‘The Path’ review: Aaron Paul of ‘Breaking Bad’ in Hulu’s new what-if series
WHEN | WHERE Starts streaming Wednesday on Hulu
GRADE C+
WHAT IT’S ABOUT Eddie Lane (Aaron Paul) belongs to a cult known as the Meyerists, who profess to climb a metaphoric ladder to infinite peace and wisdom. Their mysterious guru is somewhere in Peru, presumably figuring out the final three rungs, but in the compound, Eddie — married to Sarah (Michelle Monaghan) — is having doubts whether the “ladder” even exists. Charismatic compound leader Cal Robertson (Hugh Dancy) has ways of dealing with members of the flock who drift. Jason Katims (“Friday Night Lights,” “Parenthood”) is showrunner, and veteran “Parenthood” producer Jessica Goldberg created.

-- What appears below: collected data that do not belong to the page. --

lemma tgrade_components:
  assumes "T \<in> tgrade t"
  shows "\<forall>i\<le>t. rmat (VN.projm (t - i)) *v T = tproj t i *v T"
    and "\<forall>i\<le>t. lmat (VM.projm i) *v T = tproj t i *v T"
    and "T = (\<Sum>i\<le>t. tproj t i *v T)"
proof -
  let ?G = "{T. (\<forall>i\<le>t. rmat (VN.projm (t - i)) *v T = tproj t i *v T)
    \<and> (\<forall>i\<le>t. lmat (VM.projm i) *v T = tproj t i *v T) \<and> T = (\<Sum>i\<le>t. tproj t i *v T)}"
  have G_sub: "vec.subspace ?G"
    unfolding vec.subspace_def
    by (auto simp: vec.add vec.scale sum.distrib vec.scale_sum_right[symmetric])
  have "tvec u w \<in> ?G" if ij: "i0 \<le> l" "j0 \<le> l'" "i0 + j0 = t" and uw: "u \<in> A i0" "w \<in> B j0"
    for i0 j0 u w
  proof -
    have C: "tproj t i *v tvec u w = (if i = i0 then tvec u w else 0)" if "i \<le> t" for i
      using that ij uw by (auto simp: tproj_mv rmat_projm_tvec lmat_projm_tvec)
    have "(\<Sum>i\<le>t. tproj t i *v tvec u w) = (\<Sum>i\<le>t. if i = i0 then tvec u w else 0)"
      by (rule sum.cong) (simp_all add: C)
    also have "\<dots> = tvec u w"
      using ij by simp
    finally show ?thesis
      using ij uw by (auto simp: C rmat_projm_tvec lmat_projm_tvec)
  qed
  then have "tsub (A i) (B j) \<subseteq> ?G" if "i \<le> l" "j \<le> l'" "i + j = t" for i j
    unfolding tsub_def using that by (intro vec.span_minimal[OF _ G_sub]) blast
  then have "tgrade t \<subseteq> ?G"
    unfolding tgrade_def by (intro vec.span_minimal[OF _ G_sub]) blast
  then show "\<forall>i\<le>t. rmat (VN.projm (t - i)) *v T = tproj t i *v T"
    "\<forall>i\<le>t. lmat (VM.projm i) *v T = tproj t i *v T" "T = (\<Sum>i\<le>t. tproj t i *v T)"
    using assms by blast+
qed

MY SAY Because of some familiar creators and stars from some familiar series, there’s an easy temptation to think of “The Path” as a what-if series. What if the Bravermans lived in upstate New York instead of Berkeley, and what if they were cultists instead of an extended family prone to periodic piques of emotional unburdening? And what if “Breaking Bad’s” Jesse Pinkman wandered into their midst? Jesse would still be Jesse on some level, the Bravermans still the Bravermans. Emotions would remain outsized, the tears copious, marriages in turmoil — teen lives, too. But at least here they'd all have “e-meter”-like gadgets, “realignment” panic rooms and a mysterious "founder" to set them straight.
If this is your idea of fun, then have at it. If not, join me in the bar for a drink or two, and we’ll watch reruns of “Parenthood” instead. “The Path” is a grim unburdening, all right, but also that what-if series in search of deeper moorings, and a deeper meaning. Scientology is so thinly disguised here that the Meyerists may as well be called “Scientologists.” The uncanny resemblance serves only as a distraction, or perhaps false promise: Is this a takedown or exploration? Maybe neither, or more likely both, but as an operating principle for an entire series, that gets unwieldy fast. You are asked to relate to characters who are also delusional, probably dangerous, which induces vertigo followed by a shrug: Why bother?
Katims and his protégé Goldberg know better than anyone that TV takes time, and they’ll get it here. “The Path” could, and possibly will, improve. Too bad the early episodes don’t consistently promise that it will.
BOTTOM LINE Grim is “The Path”; also long. Very long.